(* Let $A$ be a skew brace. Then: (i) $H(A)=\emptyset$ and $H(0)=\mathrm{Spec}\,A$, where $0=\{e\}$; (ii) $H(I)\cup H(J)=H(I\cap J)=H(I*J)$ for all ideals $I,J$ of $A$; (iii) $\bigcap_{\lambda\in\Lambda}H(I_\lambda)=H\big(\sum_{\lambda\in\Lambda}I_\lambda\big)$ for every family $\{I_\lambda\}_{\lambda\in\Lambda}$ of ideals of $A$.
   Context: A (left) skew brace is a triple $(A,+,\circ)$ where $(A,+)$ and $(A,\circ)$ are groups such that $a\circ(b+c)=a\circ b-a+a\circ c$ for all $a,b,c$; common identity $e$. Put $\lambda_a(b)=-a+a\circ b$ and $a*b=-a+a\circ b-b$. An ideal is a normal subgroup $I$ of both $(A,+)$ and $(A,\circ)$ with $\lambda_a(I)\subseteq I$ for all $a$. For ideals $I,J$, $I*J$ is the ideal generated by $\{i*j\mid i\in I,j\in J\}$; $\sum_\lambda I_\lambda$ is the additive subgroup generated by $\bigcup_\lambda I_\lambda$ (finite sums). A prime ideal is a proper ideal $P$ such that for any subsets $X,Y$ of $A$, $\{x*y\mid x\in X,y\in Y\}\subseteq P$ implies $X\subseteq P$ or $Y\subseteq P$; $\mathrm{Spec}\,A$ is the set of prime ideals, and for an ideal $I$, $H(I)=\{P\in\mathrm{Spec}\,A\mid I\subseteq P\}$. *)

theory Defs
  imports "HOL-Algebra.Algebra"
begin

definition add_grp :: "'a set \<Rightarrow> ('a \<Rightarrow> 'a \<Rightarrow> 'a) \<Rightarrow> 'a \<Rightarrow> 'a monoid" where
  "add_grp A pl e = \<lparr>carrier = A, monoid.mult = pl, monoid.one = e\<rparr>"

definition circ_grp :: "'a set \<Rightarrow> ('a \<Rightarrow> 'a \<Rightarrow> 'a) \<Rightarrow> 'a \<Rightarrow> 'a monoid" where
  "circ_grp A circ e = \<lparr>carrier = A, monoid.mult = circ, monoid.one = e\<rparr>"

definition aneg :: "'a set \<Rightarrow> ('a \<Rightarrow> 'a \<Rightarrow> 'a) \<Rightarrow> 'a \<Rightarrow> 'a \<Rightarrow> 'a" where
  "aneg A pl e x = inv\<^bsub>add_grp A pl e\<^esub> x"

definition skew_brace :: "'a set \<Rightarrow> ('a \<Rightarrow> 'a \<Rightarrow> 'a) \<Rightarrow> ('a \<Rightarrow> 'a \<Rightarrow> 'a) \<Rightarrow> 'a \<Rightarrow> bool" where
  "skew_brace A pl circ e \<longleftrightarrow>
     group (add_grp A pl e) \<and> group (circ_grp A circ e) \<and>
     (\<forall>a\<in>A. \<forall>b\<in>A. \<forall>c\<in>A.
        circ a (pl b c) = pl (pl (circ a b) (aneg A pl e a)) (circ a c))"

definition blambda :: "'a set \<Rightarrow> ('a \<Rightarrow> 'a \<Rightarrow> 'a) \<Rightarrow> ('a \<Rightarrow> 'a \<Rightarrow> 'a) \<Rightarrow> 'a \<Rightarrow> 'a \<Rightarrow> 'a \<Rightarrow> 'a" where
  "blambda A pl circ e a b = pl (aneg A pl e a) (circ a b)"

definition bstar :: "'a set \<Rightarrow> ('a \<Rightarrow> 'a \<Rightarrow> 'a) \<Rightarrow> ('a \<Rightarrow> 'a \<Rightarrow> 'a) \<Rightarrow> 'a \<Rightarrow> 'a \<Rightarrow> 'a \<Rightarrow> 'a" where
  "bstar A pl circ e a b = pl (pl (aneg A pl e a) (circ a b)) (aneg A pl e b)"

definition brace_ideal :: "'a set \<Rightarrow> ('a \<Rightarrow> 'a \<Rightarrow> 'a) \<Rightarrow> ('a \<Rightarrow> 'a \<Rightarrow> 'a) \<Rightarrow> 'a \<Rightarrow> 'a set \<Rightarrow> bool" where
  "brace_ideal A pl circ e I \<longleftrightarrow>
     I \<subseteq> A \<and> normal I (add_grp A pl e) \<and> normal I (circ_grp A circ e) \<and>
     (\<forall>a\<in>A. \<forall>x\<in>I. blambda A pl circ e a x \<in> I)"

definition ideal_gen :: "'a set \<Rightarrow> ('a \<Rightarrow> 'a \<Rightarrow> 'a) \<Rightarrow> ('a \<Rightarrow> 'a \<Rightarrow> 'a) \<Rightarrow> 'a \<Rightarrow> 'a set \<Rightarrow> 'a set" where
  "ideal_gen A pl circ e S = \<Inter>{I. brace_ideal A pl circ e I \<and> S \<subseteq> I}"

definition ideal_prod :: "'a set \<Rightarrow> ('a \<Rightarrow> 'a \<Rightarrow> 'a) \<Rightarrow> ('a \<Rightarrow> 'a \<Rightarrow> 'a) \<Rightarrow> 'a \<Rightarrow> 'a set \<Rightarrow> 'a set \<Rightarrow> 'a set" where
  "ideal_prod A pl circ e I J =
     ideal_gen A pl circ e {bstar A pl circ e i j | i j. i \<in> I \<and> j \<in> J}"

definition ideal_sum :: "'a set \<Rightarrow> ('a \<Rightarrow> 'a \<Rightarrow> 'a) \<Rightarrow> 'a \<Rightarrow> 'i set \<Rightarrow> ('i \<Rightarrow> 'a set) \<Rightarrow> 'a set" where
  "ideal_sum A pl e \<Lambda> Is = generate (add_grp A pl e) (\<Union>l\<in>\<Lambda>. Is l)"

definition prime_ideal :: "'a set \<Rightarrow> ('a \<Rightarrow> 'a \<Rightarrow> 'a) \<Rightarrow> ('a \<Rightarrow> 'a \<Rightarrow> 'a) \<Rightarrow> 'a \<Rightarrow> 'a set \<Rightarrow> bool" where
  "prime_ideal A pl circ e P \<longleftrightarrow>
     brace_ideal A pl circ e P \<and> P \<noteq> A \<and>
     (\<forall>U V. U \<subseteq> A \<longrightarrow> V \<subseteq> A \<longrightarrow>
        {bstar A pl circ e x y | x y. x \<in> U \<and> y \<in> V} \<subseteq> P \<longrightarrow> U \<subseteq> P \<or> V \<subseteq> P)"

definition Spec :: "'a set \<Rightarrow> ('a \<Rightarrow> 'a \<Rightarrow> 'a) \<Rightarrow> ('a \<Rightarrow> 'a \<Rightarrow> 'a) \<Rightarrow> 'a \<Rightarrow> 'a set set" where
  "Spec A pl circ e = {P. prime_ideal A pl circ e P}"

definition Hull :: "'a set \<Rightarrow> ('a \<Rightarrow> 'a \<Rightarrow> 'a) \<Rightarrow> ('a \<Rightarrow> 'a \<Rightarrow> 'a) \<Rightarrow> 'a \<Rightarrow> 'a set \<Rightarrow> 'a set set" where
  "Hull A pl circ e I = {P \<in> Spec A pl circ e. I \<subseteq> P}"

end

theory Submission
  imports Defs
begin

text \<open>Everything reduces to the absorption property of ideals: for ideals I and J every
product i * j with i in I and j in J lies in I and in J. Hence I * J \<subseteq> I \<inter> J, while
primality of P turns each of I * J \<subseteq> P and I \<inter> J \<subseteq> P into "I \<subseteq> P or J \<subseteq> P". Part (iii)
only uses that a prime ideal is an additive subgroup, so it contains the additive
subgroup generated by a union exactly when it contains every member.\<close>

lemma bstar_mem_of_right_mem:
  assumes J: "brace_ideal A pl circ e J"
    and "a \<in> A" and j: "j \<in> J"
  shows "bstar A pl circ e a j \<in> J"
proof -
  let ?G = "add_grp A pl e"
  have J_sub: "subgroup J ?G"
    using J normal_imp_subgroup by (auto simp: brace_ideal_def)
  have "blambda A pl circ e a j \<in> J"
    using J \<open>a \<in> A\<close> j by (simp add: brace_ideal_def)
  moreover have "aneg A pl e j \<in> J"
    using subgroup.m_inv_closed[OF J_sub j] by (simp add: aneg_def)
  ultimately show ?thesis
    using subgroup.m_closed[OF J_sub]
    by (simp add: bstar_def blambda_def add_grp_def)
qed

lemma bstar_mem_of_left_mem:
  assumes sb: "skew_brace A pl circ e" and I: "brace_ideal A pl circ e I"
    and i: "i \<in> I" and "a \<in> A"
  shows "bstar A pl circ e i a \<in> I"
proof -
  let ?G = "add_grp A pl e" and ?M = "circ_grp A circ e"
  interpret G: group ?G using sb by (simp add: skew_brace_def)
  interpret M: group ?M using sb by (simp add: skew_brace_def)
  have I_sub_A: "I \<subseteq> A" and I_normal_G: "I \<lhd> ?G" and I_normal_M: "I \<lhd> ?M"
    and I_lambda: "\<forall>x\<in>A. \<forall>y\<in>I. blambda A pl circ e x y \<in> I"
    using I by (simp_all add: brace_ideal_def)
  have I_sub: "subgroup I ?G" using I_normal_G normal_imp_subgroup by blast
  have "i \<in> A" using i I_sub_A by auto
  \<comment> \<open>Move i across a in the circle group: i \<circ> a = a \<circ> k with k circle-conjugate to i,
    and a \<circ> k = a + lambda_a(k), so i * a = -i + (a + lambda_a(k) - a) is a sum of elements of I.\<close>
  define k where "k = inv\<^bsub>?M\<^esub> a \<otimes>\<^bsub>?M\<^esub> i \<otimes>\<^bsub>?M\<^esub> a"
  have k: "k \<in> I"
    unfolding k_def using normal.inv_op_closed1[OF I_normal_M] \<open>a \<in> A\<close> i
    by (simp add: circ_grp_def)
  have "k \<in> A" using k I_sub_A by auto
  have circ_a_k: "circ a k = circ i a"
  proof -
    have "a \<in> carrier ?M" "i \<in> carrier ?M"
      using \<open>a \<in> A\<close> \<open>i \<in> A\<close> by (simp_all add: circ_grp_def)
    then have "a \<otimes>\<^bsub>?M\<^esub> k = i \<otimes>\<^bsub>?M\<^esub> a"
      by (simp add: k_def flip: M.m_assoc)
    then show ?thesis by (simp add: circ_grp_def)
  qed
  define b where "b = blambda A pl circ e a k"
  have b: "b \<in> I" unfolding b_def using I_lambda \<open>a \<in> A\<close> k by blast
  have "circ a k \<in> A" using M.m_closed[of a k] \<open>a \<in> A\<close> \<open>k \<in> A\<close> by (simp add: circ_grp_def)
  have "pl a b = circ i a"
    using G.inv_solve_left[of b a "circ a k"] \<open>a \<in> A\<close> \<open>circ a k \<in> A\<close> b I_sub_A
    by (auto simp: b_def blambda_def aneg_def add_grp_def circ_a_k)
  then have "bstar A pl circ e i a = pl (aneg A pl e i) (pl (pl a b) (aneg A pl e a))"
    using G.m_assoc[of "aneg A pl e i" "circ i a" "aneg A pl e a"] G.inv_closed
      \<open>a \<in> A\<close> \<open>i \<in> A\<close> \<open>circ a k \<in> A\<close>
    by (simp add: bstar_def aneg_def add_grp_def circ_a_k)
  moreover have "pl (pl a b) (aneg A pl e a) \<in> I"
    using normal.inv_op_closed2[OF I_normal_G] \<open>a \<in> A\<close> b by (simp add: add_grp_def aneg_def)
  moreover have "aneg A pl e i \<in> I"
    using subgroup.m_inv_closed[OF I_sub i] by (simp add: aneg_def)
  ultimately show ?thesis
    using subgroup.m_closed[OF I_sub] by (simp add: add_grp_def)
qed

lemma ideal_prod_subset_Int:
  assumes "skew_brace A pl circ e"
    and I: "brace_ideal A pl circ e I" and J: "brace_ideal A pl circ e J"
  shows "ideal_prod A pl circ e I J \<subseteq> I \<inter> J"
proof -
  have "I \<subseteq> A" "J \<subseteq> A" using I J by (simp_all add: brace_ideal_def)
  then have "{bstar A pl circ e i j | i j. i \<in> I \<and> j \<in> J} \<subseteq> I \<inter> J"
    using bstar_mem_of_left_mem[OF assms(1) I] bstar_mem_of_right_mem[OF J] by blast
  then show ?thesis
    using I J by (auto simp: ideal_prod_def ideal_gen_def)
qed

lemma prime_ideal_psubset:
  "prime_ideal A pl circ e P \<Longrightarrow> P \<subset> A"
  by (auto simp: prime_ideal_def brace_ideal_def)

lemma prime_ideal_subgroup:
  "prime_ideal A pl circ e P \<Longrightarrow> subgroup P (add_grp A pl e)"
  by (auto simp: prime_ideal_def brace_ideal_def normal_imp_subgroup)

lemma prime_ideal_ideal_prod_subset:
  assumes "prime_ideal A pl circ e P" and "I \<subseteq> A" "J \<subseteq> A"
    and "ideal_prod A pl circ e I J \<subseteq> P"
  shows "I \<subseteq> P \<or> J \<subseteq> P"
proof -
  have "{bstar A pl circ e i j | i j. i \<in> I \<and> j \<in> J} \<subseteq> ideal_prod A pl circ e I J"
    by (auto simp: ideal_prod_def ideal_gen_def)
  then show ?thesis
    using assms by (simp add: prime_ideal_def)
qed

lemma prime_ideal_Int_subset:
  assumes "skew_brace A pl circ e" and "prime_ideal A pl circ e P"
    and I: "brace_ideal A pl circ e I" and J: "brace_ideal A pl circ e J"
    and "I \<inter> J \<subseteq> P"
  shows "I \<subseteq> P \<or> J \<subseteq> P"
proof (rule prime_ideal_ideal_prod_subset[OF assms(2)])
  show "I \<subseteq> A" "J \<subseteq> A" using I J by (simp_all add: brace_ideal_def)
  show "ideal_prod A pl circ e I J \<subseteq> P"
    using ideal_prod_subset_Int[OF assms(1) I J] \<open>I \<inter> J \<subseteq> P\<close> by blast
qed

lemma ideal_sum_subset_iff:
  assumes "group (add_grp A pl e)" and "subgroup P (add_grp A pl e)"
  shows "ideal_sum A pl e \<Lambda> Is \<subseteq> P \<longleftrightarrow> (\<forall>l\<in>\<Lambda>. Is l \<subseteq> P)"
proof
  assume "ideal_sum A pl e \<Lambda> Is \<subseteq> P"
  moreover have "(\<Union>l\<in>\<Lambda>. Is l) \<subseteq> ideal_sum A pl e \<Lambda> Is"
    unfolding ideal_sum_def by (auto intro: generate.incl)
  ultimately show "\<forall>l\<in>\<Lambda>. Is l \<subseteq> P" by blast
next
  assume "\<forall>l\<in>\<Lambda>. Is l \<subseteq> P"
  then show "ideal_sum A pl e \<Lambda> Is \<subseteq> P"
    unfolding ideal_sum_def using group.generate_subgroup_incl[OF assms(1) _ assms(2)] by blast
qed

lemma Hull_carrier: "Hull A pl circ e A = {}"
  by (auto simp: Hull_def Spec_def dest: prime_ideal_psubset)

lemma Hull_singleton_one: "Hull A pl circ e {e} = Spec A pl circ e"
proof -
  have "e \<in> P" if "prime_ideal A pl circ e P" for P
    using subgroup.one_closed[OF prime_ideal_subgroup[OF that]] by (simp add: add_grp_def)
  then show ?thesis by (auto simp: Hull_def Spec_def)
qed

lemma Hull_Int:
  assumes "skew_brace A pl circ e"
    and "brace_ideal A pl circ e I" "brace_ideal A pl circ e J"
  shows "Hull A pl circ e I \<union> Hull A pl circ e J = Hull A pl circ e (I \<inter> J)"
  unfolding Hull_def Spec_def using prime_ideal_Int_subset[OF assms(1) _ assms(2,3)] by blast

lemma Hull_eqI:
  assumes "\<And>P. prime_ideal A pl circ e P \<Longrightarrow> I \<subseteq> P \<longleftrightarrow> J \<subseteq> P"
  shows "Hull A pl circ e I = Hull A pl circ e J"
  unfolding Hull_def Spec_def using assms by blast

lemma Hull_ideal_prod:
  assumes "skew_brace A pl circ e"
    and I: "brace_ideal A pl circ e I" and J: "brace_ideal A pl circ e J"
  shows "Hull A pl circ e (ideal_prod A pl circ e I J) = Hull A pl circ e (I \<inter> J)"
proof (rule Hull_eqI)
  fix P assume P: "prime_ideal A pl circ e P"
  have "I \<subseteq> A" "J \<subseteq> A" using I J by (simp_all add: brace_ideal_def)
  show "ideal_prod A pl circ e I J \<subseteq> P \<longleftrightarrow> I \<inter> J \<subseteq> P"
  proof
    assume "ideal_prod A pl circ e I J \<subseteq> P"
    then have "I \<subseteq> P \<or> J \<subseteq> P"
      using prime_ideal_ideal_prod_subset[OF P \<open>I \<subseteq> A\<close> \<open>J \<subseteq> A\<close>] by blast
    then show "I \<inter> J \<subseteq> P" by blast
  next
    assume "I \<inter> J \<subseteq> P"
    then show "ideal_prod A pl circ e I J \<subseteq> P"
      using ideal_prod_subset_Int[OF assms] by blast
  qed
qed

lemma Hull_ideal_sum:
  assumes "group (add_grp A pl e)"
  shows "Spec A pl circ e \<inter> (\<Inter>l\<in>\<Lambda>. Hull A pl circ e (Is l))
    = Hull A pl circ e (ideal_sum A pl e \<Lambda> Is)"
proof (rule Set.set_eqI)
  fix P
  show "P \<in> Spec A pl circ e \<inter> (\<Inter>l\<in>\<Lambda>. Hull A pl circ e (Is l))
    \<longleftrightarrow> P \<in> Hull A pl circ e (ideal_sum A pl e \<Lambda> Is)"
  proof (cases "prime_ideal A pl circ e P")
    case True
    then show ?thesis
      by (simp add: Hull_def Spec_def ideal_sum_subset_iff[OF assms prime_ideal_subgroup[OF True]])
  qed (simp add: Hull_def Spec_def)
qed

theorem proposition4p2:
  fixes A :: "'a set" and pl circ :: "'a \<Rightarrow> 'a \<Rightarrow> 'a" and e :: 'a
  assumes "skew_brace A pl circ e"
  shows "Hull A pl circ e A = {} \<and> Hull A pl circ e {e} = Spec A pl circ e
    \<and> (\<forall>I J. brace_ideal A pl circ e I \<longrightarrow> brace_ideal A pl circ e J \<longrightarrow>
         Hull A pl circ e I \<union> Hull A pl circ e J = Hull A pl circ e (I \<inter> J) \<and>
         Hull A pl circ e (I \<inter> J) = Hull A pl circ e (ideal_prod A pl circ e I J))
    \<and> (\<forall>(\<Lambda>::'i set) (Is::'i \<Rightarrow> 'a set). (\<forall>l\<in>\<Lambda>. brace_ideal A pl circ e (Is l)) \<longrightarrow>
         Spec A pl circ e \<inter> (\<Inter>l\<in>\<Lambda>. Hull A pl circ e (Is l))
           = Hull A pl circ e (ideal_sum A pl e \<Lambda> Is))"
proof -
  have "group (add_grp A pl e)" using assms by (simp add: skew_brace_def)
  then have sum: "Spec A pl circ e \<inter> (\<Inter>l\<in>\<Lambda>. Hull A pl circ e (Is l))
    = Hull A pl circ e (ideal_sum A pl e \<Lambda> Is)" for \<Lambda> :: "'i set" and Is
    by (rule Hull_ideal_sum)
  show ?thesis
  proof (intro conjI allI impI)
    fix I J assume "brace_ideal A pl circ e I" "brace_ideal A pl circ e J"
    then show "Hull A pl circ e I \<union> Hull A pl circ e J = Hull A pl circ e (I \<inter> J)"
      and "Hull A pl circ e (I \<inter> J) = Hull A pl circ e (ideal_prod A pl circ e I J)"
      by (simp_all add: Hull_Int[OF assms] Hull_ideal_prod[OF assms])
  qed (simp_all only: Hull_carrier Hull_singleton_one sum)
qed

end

Exercise instructions:
In the listing above, find the line containing "e i a \<in>" and the line containing "using I by (simp_all", then quote both, plus every line between them, exactly as written.

The completed task:
  shows "bstar A pl circ e i a \<in> I"
proof -
  let ?G = "add_grp A pl e" and ?M = "circ_grp A circ e"
  interpret G: group ?G using sb by (simp add: skew_brace_def)
  interpret M: group ?M using sb by (simp add: skew_brace_def)
  have I_sub_A: "I \<subseteq> A" and I_normal_G: "I \<lhd> ?G" and I_normal_M: "I \<lhd> ?M"
    and I_lambda: "\<forall>x\<in>A. \<forall>y\<in>I. blambda A pl circ e x y \<in> I"
    using I by (simp_all add: brace_ideal_def)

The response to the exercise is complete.